Signed-off-by: Oleg S <97077423+RobotSail@users.noreply.github.com>
---
 src/instructlab/training/main_ds.py           |  65 +++-----
 src/instructlab/training/setup_accelerator.py |  29 ++--
 src/instructlab/training/utils.py             | 157 +++++++++++++++++-
 3 files changed, 193 insertions(+), 58 deletions(-)

diff --git a/src/instructlab/training/main_ds.py b/src/instructlab/training/main_ds.py
index d1ae0e01..e581ba11 100644
--- a/src/instructlab/training/main_ds.py
+++ b/src/instructlab/training/main_ds.py
@@ -2,6 +2,7 @@
 
 # Standard
 from copy import deepcopy
+from datetime import timedelta
 from pathlib import Path
 import argparse
 import math
@@ -42,8 +43,8 @@
     add_noisy_embeddings,
     apply_gradient_checkpointing,
     convert_loss_to_reduce_sum,
+    create_lora_config,
     ensure_loadable_granite_checkpoint,
-    get_projection_layer_names,
     load_latest_full_state,
     prepare_peft_model,
     prepare_universal_checkpoint_from_latest,
@@ -114,13 +115,16 @@ def setup_model(args, tokenizer, train_loader, grad_accum):
             args.model_name_or_path, args.output_dir
         ) as path:
             base_model_args["pretrained_model_name_or_path"] = path
+            base_model_args["use_padding_free_transformer"] = True
             model = GPTDolomiteForCausalLM.from_pretrained(
                 **base_model_args,
-                use_padding_free_transformer=True,
             )
     else:
         model = AutoModelForCausalLM.from_pretrained(**base_model_args)
 
+    # store the base model args so we can recall them later if saving a LoRA model
+    args.base_model_args = base_model_args
+
     if len(tokenizer) > model.config.vocab_size:
         print(
             f"WARNING: tokenizer has {len(tokenizer)} tokens but model has {model.config.vocab_size} vocab size"
@@ -175,46 +179,14 @@ def setup_model(args, tokenizer, train_loader, grad_accum):
     # - with the exception of granite, which handles it
     #   in the later stanza
     if args.lora_r > 0:
-        # if lora
-        # Third Party
-        from peft import LoraConfig
-
-        # ensure we select only the modules that exist in the model
-        proj_layers = get_projection_layer_names(model)
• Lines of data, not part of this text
(* Let $R_1,R_2,S_1,S_2\in\mathfrak{P}$. If $R_1\sqsubseteq_\Gamma S_1$ and $R_2\sqsubseteq_\Gamma S_2$ with respect to $\mathfrak{P}$, then $R_1\oplus R_2\sqsubseteq_\Gamma S_1\oplus S_2$ with respect to $\mathfrak{P}$. Here $\oplus$ denotes the ordinal sum of posets, in which every element of the first summand is placed below every element of the second.
   Context: **Digraphs and homomorphisms.** - A digraph $G$ is a pair $(V(G),A(G))$, where $V(G)$ is a finite non-empty set and $A(G)\subseteq V(G)\times V(G)$. Arcs are written $vw$. - $\mathfrak{P}$ is the class of finite posets, i.e. reflexive, antisymmetric, transitive digraphs. - A homomorphism $\xi:G\to H$ is a map $V(G)\to V(H)$ with $\xi(v)\xi(w)\in A(H)$ for all $vw\in A(G)$. $\mathcal{H}(G,H)$ is the set of homomorphisms. **Connectivity.** - Two vertices $u,w$ are adjacent if $uw\in A(G)$ or $wu\in A(G)$. - For $X\subseteq V(G)$ and $v,w\in X$, the vertices $v$ and $w$ are connected in $X$ if $v=w$, or if there are $z_0=v,\dots,z_I=w$ in $X$ with consecutive terms adjacent. - $\gamma_X(v)$ is the set of such $w$. - $\Gamma_\xi(v)=\gamma_{\xi^{-1}(\xi(v))}(v)$. **Schemes.** - $\mathfrak{P}_r$ is a fixed system of representatives of $\mathfrak{P}$ up to isomorphism. - $R\sqsubseteq_\Gamma S$ with respect to $\mathfrak{P}$ means there exist injective maps $\rho_G:\mathcal{H}(G,R)\to\mathcal{H}(G,S)$, $G\in\mathfrak{P}_r$, with $\Gamma_{\rho_G(\xi)}(v)=\Gamma_\xi(v)$ for all $G\in\mathfrak{P}_r$, $\xi\in\mathcal{H}(G,R)$ and $v\in V(G)$. *)

theory Defs
  imports "HOL-Library.FuncSet"
begin

type_synonym 'a digraph = "'a set \<times> ('a \<times> 'a) set"

definition verts :: "'a digraph \<Rightarrow> 'a set" where "verts G = fst G"
definition arcs :: "'a digraph \<Rightarrow> ('a \<times> 'a) set" where "arcs G = snd G"

definition is_digraph :: "'a digraph \<Rightarrow> bool" where
  "is_digraph G \<longleftrightarrow> finite (verts G) \<and> verts G \<noteq> {} \<and> arcs G \<subseteq> verts G \<times> verts G"

definition is_poset :: "'a digraph \<Rightarrow> bool" where
  "is_poset G \<longleftrightarrow> is_digraph G
     \<and> (\<forall>v\<in>verts G. (v, v) \<in> arcs G)
     \<and> (\<forall>v w. (v, w) \<in> arcs G \<and> (w, v) \<in> arcs G \<longrightarrow> v = w)
     \<and> (\<forall>u v w. (u, v) \<in> arcs G \<and> (v, w) \<in> arcs G \<longrightarrow> (u, w) \<in> arcs G)"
-        if not args.lora_target_modules:
-            print(
-                f"WARNING: lora_target_modules was not specified, defaulting to all of the model's projection modules"
-            )
-            if not proj_layers:
-                raise RuntimeError("could not find any projection layers in the model")
-            args.__dict__["lora_target_modules"] = proj_layers
-        else:
-            # when the user specifies the module, we should verify that they align with what's in the model
-            lora_target_modules_set = set(args.lora_target_modules)
-            diff = lora_target_modules_set - set(proj_layers)
-            layers_to_target = lora_target_modules_set - diff
-            if len(diff) == len(args.lora_target_modules):
-                raise ValueError(
-                    f"None of the modules you requested exist in the model.\nRequested modules: {args.lora_target_modules}; Available modules: {proj_layers}.\nThis is usually a misconfiuration error. Consider omitting your `lora_target_modules` list to have these discovered automatically."
-                )
-            if diff:
-                print(
-                    f"\033[33mWARNING: the following modules were targeted for LoRA but are not present in the model: {list(diff)}. Applying LoRA only to {list(layers_to_target)} modules.\033[0m"
-                )
-            args.__dict__["lora_target_modules"] = list(layers_to_target)
-
-        peft_config = LoraConfig(
-            lora_alpha=args.lora_alpha,
-            lora_dropout=args.lora_dropout,
-            r=args.lora_r,
-            bias="none",
-            task_type="CAUSAL_LM",
-            target_modules=args.lora_target_modules,
-        )
+        lora_config = create_lora_config(model, args)
         model = prepare_peft_model(
-            model, peft_config, gradient_checkpointing=not args.is_granite
+            model,
+            lora_config,
+            args.distributed_training_framework,
+            gradient_checkpointing=not args.is_granite,
         )
-
+        args.lora_config = lora_config
     elif not args.is_granite:
         model.gradient_checkpointing_enable()
 
@@ -529,7 +501,11 @@ def main(args):
     #### distributed init #####
     torch.cuda.set_device(int(os.environ["LOCAL_RANK"]))
     args.local_rank = int(os.environ["LOCAL_RANK"])
-    torch.distributed.init_process_group("nccl")
+    nccl_timeout: timedelta | None = None
+    if args.debug:
+        # surely we won't need any more than this... right?
+        nccl_timeout = timedelta(days=1)
+    torch.distributed.init_process_group("nccl", timeout=nccl_timeout)
     args.global_rank = torch.distributed.get_rank()
     tensor = torch.ByteTensor([False]).cuda()
     torch.distributed.all_reduce(tensor)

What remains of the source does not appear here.